● DATASET EXTRACT:

-=-=-=-=-

(* Consider, for a parameter $a$, the ODE in $z$ $$a^2\bigl(z(1+A)^3-A\bigr)=(1+A)\,\delta_z^2A-(\delta_zA)^2,\qquad \delta_z=z\frac{d}{dz},$$ and the formal series $A(a,z)=\sum_{k=0}^\infty A_k(z)\,a^{-2k}$. There exists a unique sequence $(A_k(z))_{k\ge0}$ of functions holomorphic in the disc $|z|<\frac{2^2}{3^3}$ such that this series formally solves the ODE (i.e. the ODE holds identically after equating coefficients of each power of $a^2$). Moreover, all $A_k(z)$ are rational functions of $A_0(z)$, and $A_k(0)=0$ for all $k$. *)

theory Defs
  imports "HOL-Analysis.Analysis" "HOL-Computational_Algebra.Formal_Power_Series"
          "HOL-Computational_Algebra.Polynomial"
begin

definition euler_op :: "(complex \<Rightarrow> complex) \<Rightarrow> complex \<Rightarrow> complex" where
  "euler_op f z = z * deriv f z"

text \<open>The formal series A(a,z) = sum_k A_k(z) a^(-2k) is encoded, for each fixed z,
  as a formal power series in the variable X = a^(-2).  Multiplying the ODE
  a^2 (z(1+A)^3 - A) = (1+A) delta^2 A - (delta A)^2 by X = a^(-2) gives
  z(1+A)^3 - A = X ((1+A) delta^2 A - (delta A)^2), to be read coefficientwise.\<close>
definition formally_solves_ODE :: "(nat \<Rightarrow> complex \<Rightarrow> complex) \<Rightarrow> real \<Rightarrow> bool" where
  "formally_solves_ODE A r \<longleftrightarrow>
     (\<forall>z \<in> ball 0 r.
        (let F  = Abs_fps (\<lambda>k. A k z);
             D1 = Abs_fps (\<lambda>k. euler_op (A k) z);
             D2 = Abs_fps (\<lambda>k. euler_op (euler_op (A k)) z)
         in fps_const z * (1 + F) ^ 3 - F = fps_X * ((1 + F) * D2 - D1 ^ 2)))"

definition admissible :: "(nat \<Rightarrow> complex \<Rightarrow> complex) \<Rightarrow> bool" where
  "admissible A \<longleftrightarrow>
     (\<forall>k. A k holomorphic_on ball 0 (2^2 / 3^3)) \<and> formally_solves_ODE A (2^2 / 3^3)"

end

(*
  The coefficient of a^2 in the equation says A_0 = z (1 + A_0)^3. Any solution continuous at 0
  satisfies A_0(0) = 0, and for |z| < 4/27 the map w \<mapsto> z (1 + w)^3 is a contraction of the disc
  |w| \<le> 1/2, so by analytic continuation A_0 is the branch obtained by fixed-point iteration.
  The coefficient of a^(-2k) is affine in A_(k+1) with slope 3 z (1 + A_0)^2 - 1 = (2 A_0 - 1)/(1 + A_0),
  which does not vanish on the disc, and otherwise involves only A_0, ..., A_k and their Euler
  derivatives; hence A_(k+1) is determined recursively, which gives existence and uniqueness.
  Rationality in A_0 propagates through the recursion because z = A_0 / (1 + A_0)^3 and
  z A_0' = A_0 (1 + A_0) / (1 - 2 A_0). At z = 0 the Euler operator vanishes and the equation
  collapses to \<Sum> A_k(0) a^(-2k) = 0.
*)

theory Submission
  imports Defs "HOL-Complex_Analysis.Conformal_Mappings"
begin

unbundle no vec_syntax
unbundle fps_syntax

-=-=-=-=-

● DIRECTIONS:
Exactly reproduce the line containing "theory Submission" and all lines after it in the material, stopping only at the end.

● WRITTEN REPLY:
theory Submission
  imports Defs "HOL-Complex_Analysis.Conformal_Mappings"
begin

unbundle no vec_syntax
unbundle fps_syntax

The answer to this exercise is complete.